First I retreated to the kitchen, taking Otto with me, closed the door, sat at the table, tried to read the paper. But I was distracted, they made too much noise. So I stopped reading, began to cook. But I wondered why I was behaving like that, why I was hiding in my own house, it made no sense. After a while I returned to the entrance, where the two were busy in the house and on the landing, setting the metal plates on the old door panels.

I brought them some beers and was greeted with ill-contained enthusiasm. The older one in particular started up again with his vulgarly allusive language, maybe he just wanted to be witty, and that was the only form of wit he knew. Almost unconsciously — it was the throat blowing air against the vocal cords — I answered him laughing, with even heavier allusions, and, realizing that I had surprised them both, I didn’t wait for them to reply but piled it on, so foul-mouthed that the two looked at one another, perplexed, gave a slight smile, left the beer half drunk, and began to work more quickly.

Soon only a persistent hammering could be heard. Uneasiness returned, and this time it was unbearable. I felt all the shame of standing there as if waiting for further vulgarities that didn’t come. There was a long interval of embarrassment, perhaps they asked me to hand them some object, a tool, but with exaggerated courtesy, and not even a smile. After a while I picked up bottles and glasses, and went back to the kitchen. What was happening to me. Was I following, literally, the process of self-degradation, had I surrendered, was I no longer trying to find a new measure of myself?

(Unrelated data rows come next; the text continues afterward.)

lemma inflation_model_order_one:
  assumes cc: "causally_consistent S adj n p Q" and perm: "perm_choice S adj n 1 prm"
  shows "inflation_model S adj n p 1 prm (map_pmf (\<lambda>x z. x (fst z)) p)"
proof -
  have fixes_0: "prm al i 0 = 0" if "al \<in> S" "i < n" "adj al i" for al i
    using perm that permutes_in_image[of "prm al i" "{0..<1}" 0] by (auto simp: perm_choice_def)
  have "\<not> shares_source S adj i j" if "i < n" "j < n" "\<not> infl_shares_source S adj prm (i, 0) (j, 0)" for i j
    using that fixes_0 by (auto simp: shares_source_def infl_shares_source_def)
  then show ?thesis
    using causally_consistent_indep[OF cc] by (auto simp: inflation_model_def map_pmf_comp)
qed

lemma inflation_model_exists:
  assumes "causally_consistent S adj n p Q" "0 < d" "perm_choice S adj n d prm"
  obtains Q' where "inflation_model S adj n p d prm Q'"
proof (cases "d = 1")
  case True
  with assms inflation_model_order_one show ?thesis
    using that by blast
next
  case False
  with assms(2) have "2 \<le> d"
    by simp
  with assms(1,3) show ?thesis
    using that causally_consistent_inflation_model by blast
qed

lemma infl_shares_source_same_party:
  assumes "perm_choice S adj n d prm" "i < n" "k \<noteq> l"
  shows "\<not> infl_shares_source S adj prm (i, k) (i, l)"
proof
  assume "infl_shares_source S adj prm (i, k) (i, l)"
  then obtain al where "al \<in> S" "adj al i" "prm al i k = prm al i l"
    unfolding infl_shares_source_def by auto
  moreover from calculation have "inj (prm al i)"
    using assms by (auto simp: perm_choice_def intro: permutes_inj)
  ultimately show False
    using \<open>k \<noteq> l\<close> by (auto dest: injD)
qed

lemma ndcs_infl_shares_source_iff:
  assumes "ndcs S adj n" "al \<in> S" "adj al i" "adj al j" "i < n" "j < n" "i \<noteq> j"
  shows "infl_shares_source S adj prm (i, k) (j, l) \<longleftrightarrow> prm al i k = prm al j l"
  using assms unfolding ndcs_def infl_shares_source_def by (metis fst_conv snd_conv)

lemma inflation_centered_moment:
  fixes p :: "(nat \<Rightarrow> 'a::finite) pmf"
  assumes perm: "perm_choice S adj n d prm" and infl: "inflation_model S adj n p d prm Q"
    and ij: "i < n" "j < n" "k < d" "l < d"
  shows "measure_pmf.expectation Q (\<lambda>y. cnj (centered p f i (y (i, k))) * centered p f j (y (j, l)))
    = (if (i, k) = (j, l) then covariance p f i i
       else if infl_shares_source S adj prm (i, k) (j, l) then covariance p f i j else 0)"
proof -
  let ?g = "centered p f"
  have moment: "measure_pmf.expectation Q (\<lambda>y. cnj (?g i (y (i, k))) * ?g j (y (j, l)))
      = measure_pmf.expectation (map_pmf (\<lambda>y. (y (i, k), y (j, l))) Q)
          (\<lambda>z. cnj (?g i (fst z)) * ?g j (snd z))"
    by simp
  have marginal: "map_pmf (\<lambda>y. y (j, l)) Q = map_pmf (\<lambda>x. x j) p"
    using inflation_model_marginal[OF infl ij(2,4)] .
  consider "(i, k) = (j, l)"
    | "(i, k) \<noteq> (j, l)" "infl_shares_source S adj prm (i, k) (j, l)"
    | "(i, k) \<noteq> (j, l)" "\<not> infl_shares_source S adj prm (i, k) (j, l)"
    by blast
  then show ?thesis
  proof cases
    case 1
    then have "measure_pmf.expectation Q (\<lambda>y. cnj (?g i (y (i, k))) * ?g j (y (j, l)))
        = measure_pmf.expectation (map_pmf (\<lambda>y. y (j, l)) Q) (\<lambda>a. cnj (?g i a) * ?g i a)"
      by simp
    also have "\<dots> = covariance p f i i"
      using 1 by (simp add: marginal covariance_eq_centered_moment)
    finally show ?thesis
      using 1 by simp
  next
    case 2
    with infl_shares_source_same_party[OF perm] ij have "i \<noteq> j"
      by auto
    with 2 have shared: "map_pmf (\<lambda>y. (y (i, k), y (j, l))) Q = map_pmf (\<lambda>x. (x i, x j)) p"
      by (intro inflation_model_shared[OF infl ij])
    have "measure_pmf.expectation Q (\<lambda>y. cnj (?g i (y (i, k))) * ?g j (y (j, l)))
        = measure_pmf.expectation (map_pmf (\<lambda>x. (x i, x j)) p) (\<lambda>z. cnj (?g i (fst z)) * ?g j (snd z))"
      by (simp only: moment shared)
    also have "\<dots> = covariance p f i j"
      by (simp add: covariance_eq_centered_moment)
    finally show ?thesis
      using 2 by simp
  next
    case 3
    then have indep: "map_pmf (\<lambda>y. (y (i, k), y (j, l))) Q
        = pair_pmf (map_pmf (\<lambda>y. y (i, k)) Q) (map_pmf (\<lambda>y. y (j, l)) Q)"
      by (intro inflation_model_indep[OF infl ij])
    have "measure_pmf.expectation Q (\<lambda>y. cnj (?g i (y (i, k))) * ?g j (y (j, l)))
        = measure_pmf.expectation (map_pmf (\<lambda>y. y (i, k)) Q) (\<lambda>a. cnj (?g i a))
          * measure_pmf.expectation (map_pmf (\<lambda>y. y (j, l)) Q) (?g j)"
      unfolding moment indep by (rule expectation_pair_pmf_mult)
    also have "\<dots> = 0"
      by (simp only: marginal expectation_centered mult_zero_right)
    finally show ?thesis
      using 3 by (simp only: if_False)
  qed
qed

lemma
  assumes "twisted_gram S adj n d psi prm W"
  shows twisted_gram_order_pos: "0 < d"
    and twisted_gram_perm_choice: "perm_choice S adj n d prm"
    and twisted_gram_hermitian: "i < n \<Longrightarrow> j < n \<Longrightarrow> W j i = cnj (W i j)"
    and twisted_gram_diag: "i < n \<Longrightarrow> W i i = cinner d (psi i) (psi i)"
    and twisted_gram_shared: "i < n \<Longrightarrow> j < n \<Longrightarrow> i \<noteq> j \<Longrightarrow> al \<in> S \<Longrightarrow> adj al i \<Longrightarrow> adj al j \<Longrightarrow>
      W i j = cinner d (perm_mat_apply d (prm al i) (psi i)) (perm_mat_apply d (prm al j) (psi j))"
  using assms unfolding twisted_gram_def by fast+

Eventually the men called me. They had finished. They showed me how the lock worked, they gave me the keys. The older one said that if I had trouble I had only to call, and with large dirty fingers handed me his card. It seemed to me that he was looking at me insistently, but I didn’t react. I gave him my attention really only when he slipped the keys into the two keyholes, as bright as suns above the dark panels of the door, and kept insisting on their positions.

“This goes in vertically,” he said, “this horizontally.”

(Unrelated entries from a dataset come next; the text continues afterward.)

(* Let $d\ge1$, let $\zeta=\{\zeta_k\}_{k\in\mathbb{Z}^d}$ be a stationary random field with $\mathrm{E}(\zeta_0)=0$ and $\mathrm{Var}(\zeta_0)<\infty$, and let $\delta>0$. Suppose that for all $\psi_1,\psi_2\in\mathscr{U}$ with $\mathrm{sep}(\mathrm{supp}[\psi_1],\mathrm{supp}[\psi_2])\ge\delta$ the pair $(S_n(\psi_1),S_n(\psi_2))$ is asymptotically independent as $n\to\infty$. Then for every integer $N\ge2$ and all $\varphi_1,\ldots,\varphi_N\in\mathscr{U}$ with $\mathrm{sep}(\mathrm{supp}[\varphi_i],\mathrm{supp}[\varphi_j])\ge\delta$ for all $1\le i\ne j\le N$, the vector $(S_n(\varphi_1),\ldots,S_n(\varphi_N))$ is asymptotically independent as $n\to\infty$.
   Context: $\mathscr{U}$ is the set of finite linear combinations of indicator functions of boxes $(a_1,b_1]\times\cdots\times(a_d,b_d]\subset\mathbb{R}^d$ with $a_i<b_i$ real; $\mathrm{supp}[\varphi]$ is the support of $\varphi$. For $A,B\subset\mathbb{R}^d$, $\mathrm{sep}(A,B)=\inf\{\max_{1\le i\le d}|x_i-y_i|: x\in A,y\in B\}$. For $\varphi\in\mathscr{U}$, $S_n(\varphi):=n^{-d/2}\sum_{k\in\mathbb{Z}^d}\zeta_k\varphi(k/n)$. A sequence of random vectors $(X_{1,n},\ldots,X_{N,n})$ ($N\ge2$) is asymptotically independent as $n\to\infty$ if for all real $\xi_1,\ldots,\xi_N$, $\lim_{n\to\infty}\big|\mathrm{E}[e^{i\xi_1X_{1,n}+\cdots+i\xi_NX_{N,n}}]-\prod_{j=1}^N\mathrm{E}[e^{i\xi_jX_{j,n}}]\big|=0$. *)

theory Defs
  imports "HOL-Probability.Probability"
begin

text \<open>Points of R^d are \<open>real ^ 'd\<close>, lattice points of Z^d are \<open>int ^ 'd\<close>,
  with d = CARD('d) \<ge> 1.\<close>

definition box_oc :: "real ^ 'd \<Rightarrow> real ^ 'd \<Rightarrow> (real ^ 'd) set" where
  "box_oc a b = {x. \<forall>i. a $ i < x $ i \<and> x $ i \<le> b $ i}"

I looked at him in puzzlement and he added:

“Be careful, you can ruin the mechanism.”

With renewed impudence he philosophized:

“Locks become habituated. They have to recognize the hand of their master.”

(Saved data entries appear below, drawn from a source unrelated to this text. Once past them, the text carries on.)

section \<open>The core-EP decomposition\<close>

locale core_ep_decomposition = unitary_similarity U n
  for U :: "complex mat" and n :: nat +
  fixes A T S N :: "complex mat" and t r k :: nat
  assumes n_split: "n = t + r"
    and T: "T \<in> carrier_mat t t" and T_invertible: "invertible_mat T"
    and S: "S \<in> carrier_mat t r"
    and N: "N \<in> carrier_mat r r" and N_nilpotent: "N ^\<^sub>m k = 0\<^sub>m r r"
    and k: "k = mat_index A"
    and decomposition: "A = U * four_block_mat T S (0\<^sub>m r t) N * mat_adjoint U"
begin

abbreviation "B \<equiv> four_block_mat T S (0\<^sub>m r t) N"
abbreviation "T' \<equiv> mat_inv T"
abbreviation "Tt \<equiv> ttilde T S N"

abbreviation inv_block :: "complex mat \<Rightarrow> complex mat" where
  "inv_block X \<equiv> uconj (top_block t r T' X)"

lemma T': "T' \<in> carrier_mat t t" and TT': "T * T' = 1\<^sub>m t" and T'T: "T' * T = 1\<^sub>m t"
  using mat_inv[OF T T_invertible] by auto

lemma Tt: "Tt l \<in> carrier_mat t r"
  using ttilde_carrier[OF T S N] .

lemma B: "B \<in> carrier_mat n n"
  unfolding n_split using T N by simp

lemma top_block_carrier: "V \<in> carrier_mat t t \<Longrightarrow> top_block t r V W \<in> carrier_mat n n"
  unfolding n_split by simp

lemma A: "A = uconj B"
  unfolding decomposition uconj_def ..

lemma A_carrier: "A \<in> carrier_mat n n"
  unfolding A using B by simp

lemma T_T'_pow_cancel:
  "T ^\<^sub>m a * T' ^\<^sub>m b = (if b \<le> a then T ^\<^sub>m (a - b) else T' ^\<^sub>m (b - a))"
  "T' ^\<^sub>m a * T ^\<^sub>m b = (if b \<le> a then T' ^\<^sub>m (a - b) else T ^\<^sub>m (b - a))"
  using pow_mat_mult_pow_mat_right_inverse[OF T T' TT'] pow_mat_mult_pow_mat_right_inverse[OF T' T T'T]
  by auto

lemma A_pow: "A ^\<^sub>m j = uconj (four_block_mat (T ^\<^sub>m j) (Tt j) (0\<^sub>m r t) (N ^\<^sub>m j))"
  unfolding A uconj_pow[OF B] pow_four_block_mat_upper[OF T S N] ..

lemma A_pow_index: "A ^\<^sub>m k = uconj (top_block t r (T ^\<^sub>m k) (Tt k))"
  unfolding A_pow N_nilpotent ..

He tried first one key, then the other, and it seemed to me that even he had to force them a little. I asked to try myself. I locked and then unlocked both locks with a firm motion, easily. The younger man said with exaggerated languor:

“The signora has a nice sure hand.”

I paid them and they left. I closed the door behind them and leaned against it, feeling the long, living vibrations of the panels until they died away and everything was calm again.